lemma ex_grundy_prefix_with_private_vertex:
  assumes "u \<in> V"
  obtains P y where "cn_seq V E P" "Suc (length P) = \<gamma>"
    "y \<in> V" "y \<notin> \<Union>(N ` set P)" "E\<^sup>*\<^sup>* u y"
proof -
  define C where "C = {v \<in> V. E\<^sup>*\<^sup>* u v}"
  have step: "w \<in> C" if "v \<in> C" "E v w" for v w
    using that adj_in_vertices unfolding C_def by (auto intro: rtranclp.rtrancl_into_rtrancl)
  have closed: "v \<in> C \<longleftrightarrow> w \<in> C" if "E v w" for v w
    using step that adj_sym by blast
  obtain S where S: "cn_seq V E S" "length S = \<gamma>"
    using grundy_dom_number_attained by blast
  then obtain s where s: "s \<in> set S" "u \<in> N s"
    using grundy_seq_dominates assms by blast
  have "s \<in> C"
    using s(2) assms closed unfolding C_def by auto
  define xs where "xs = filter (\<lambda>v. v \<notin> C) S"
  define ys where "ys = filter (\<lambda>v. v \<in> C) S"
  have "ys \<noteq> []"
    using s(1) \<open>s \<in> C\<close> unfolding ys_def by (metis filter_empty_conv)
  then obtain ys' z where ys: "ys = ys' @ [z]"
    using rev_exhaust by blast
  define P where "P = xs @ ys'"
  have "cn_seq V E (P @ [z])"
    using cn_seq_reorder[OF S(1) closed] unfolding P_def xs_def ys_def[symmetric] ys by simp
  then obtain y where "cn_seq V E P" "y \<in> N z" "y \<notin> \<Union>(N ` set P)"
    using cn_seq_snoc by blast
  moreover have "Suc (length P) = \<gamma>"
    using sum_length_filter_compl[of "\<lambda>v. v \<in> C" S] S(2)
    unfolding P_def xs_def ys_def[symmetric] ys by simp
  moreover have "z \<in> set ys"
    using ys by simp
  then have "z \<in> C"
    unfolding ys_def by simp
  then have "y \<in> C"
    using \<open>y \<in> N z\<close> closed by auto
  ultimately show ?thesis
    using that unfolding C_def by blast
qed

lemma grundy_seq_snoc:
  assumes "cn_seq V E P" "Suc (length P) = \<gamma>" "w \<in> V" "\<not> N w \<subseteq> \<Union>(N ` set P)"
  shows "cn_seq V E (P @ [w])" "length (P @ [w]) = \<gamma>"
  using assms cn_seq_snoc by auto

lemma card_induced_edges_automorphism:
  assumes "automorphism V E \<phi>" "A \<subseteq> V"
  shows "card (induced_edges E (\<phi> ` A)) = card (induced_edges E A)"
proof -
  have inj: "inj_on \<phi> V" and adj: "\<forall>u\<in>V. \<forall>v\<in>V. E u v \<longleftrightarrow> E (\<phi> u) (\<phi> v)"
    using assms(1) bij_betw_imp_inj_on unfolding automorphism_def by blast+
  have "induced_edges E (\<phi> ` A) = map_prod \<phi> \<phi> ` induced_edges E A"
    using adj assms(2) unfolding induced_edges_def by (auto simp: image_iff)
  moreover have "inj_on (map_prod \<phi> \<phi>) (induced_edges E A)"
    using inj assms(2) unfolding induced_edges_def inj_on_def by auto
  ultimately show ?thesis
    by (simp add: card_image)
qed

#####

▶ _Action item_: A faithful, word-for-word copy of the data is the expected answer.

▶ _Response area_:
lemma ex_grundy_prefix_with_private_vertex:
  assumes "u \<in> V"
  obtains P y where "cn_seq V E P" "Suc (length P) = \<gamma>"
    "y \<in> V" "y \<notin> \<Union>(N ` set P)" "E\<^sup>*\<^sup>* u y"
proof -
  define C where "C = {v \<in> V. E\<^sup>*\<^sup>* u v}"
  have step: "w \<in> C" if "v \<in> C" "E v w" for v w
    using that adj_in_vertices unfolding C_def by (auto intro: rtranclp.rtrancl_into_rtrancl)
  have closed: "v \<in> C \<longleftrightarrow> w \<in> C" if "E v w" for v w
    using step that adj_sym by blast
  obtain S where S: "cn_seq V E S" "length S = \<gamma>"
    using grundy_dom_number_attained by blast
  then obtain s where s: "s \<in> set S" "u \<in> N s"
    using grundy_seq_dominates assms by blast
  have "s \<in> C"
    using s(2) assms closed unfolding C_def by auto
  define xs where "xs = filter (\<lambda>v. v \<notin> C) S"
  define ys where "ys = filter (\<lambda>v. v \<in> C) S"
  have "ys \<noteq> []"
    using s(1) \<open>s \<in> C\<close> unfolding ys_def by (metis filter_empty_conv)
  then obtain ys' z where ys: "ys = ys' @ [z]"
    using rev_exhaust by blast
  define P where "P = xs @ ys'"
  have "cn_seq V E (P @ [z])"
    using cn_seq_reorder[OF S(1) closed] unfolding P_def xs_def ys_def[symmetric] ys by simp
  then obtain y where "cn_seq V E P" "y \<in> N z" "y \<notin> \<Union>(N ` set P)"
    using cn_seq_snoc by blast
  moreover have "Suc (length P) = \<gamma>"
    using sum_length_filter_compl[of "\<lambda>v. v \<in> C" S] S(2)
    unfolding P_def xs_def ys_def[symmetric] ys by simp
  moreover have "z \<in> set ys"
    using ys by simp
  then have "z \<in> C"
    unfolding ys_def by simp
  then have "y \<in> C"
    using \<open>y \<in> N z\<close> closed by auto
  ultimately show ?thesis
    using that unfolding C_def by blast
qed

lemma grundy_seq_snoc:
  assumes "cn_seq V E P" "Suc (length P) = \<gamma>" "w \<in> V" "\<not> N w \<subseteq> \<Union>(N ` set P)"
  shows "cn_seq V E (P @ [w])" "length (P @ [w]) = \<gamma>"
  using assms cn_seq_snoc by auto

lemma card_induced_edges_automorphism:
  assumes "automorphism V E \<phi>" "A \<subseteq> V"
  shows "card (induced_edges E (\<phi> ` A)) = card (induced_edges E A)"
proof -
  have inj: "inj_on \<phi> V" and adj: "\<forall>u\<in>V. \<forall>v\<in>V. E u v \<longleftrightarrow> E (\<phi> u) (\<phi> v)"
    using assms(1) bij_betw_imp_inj_on unfolding automorphism_def by blast+
  have "induced_edges E (\<phi> ` A) = map_prod \<phi> \<phi> ` induced_edges E A"
    using adj assms(2) unfolding induced_edges_def by (auto simp: image_iff)
  moreover have "inj_on (map_prod \<phi> \<phi>) (induced_edges E A)"
    using inj assms(2) unfolding induced_edges_def inj_on_def by auto
  ultimately show ?thesis
    by (simp add: card_image)
qed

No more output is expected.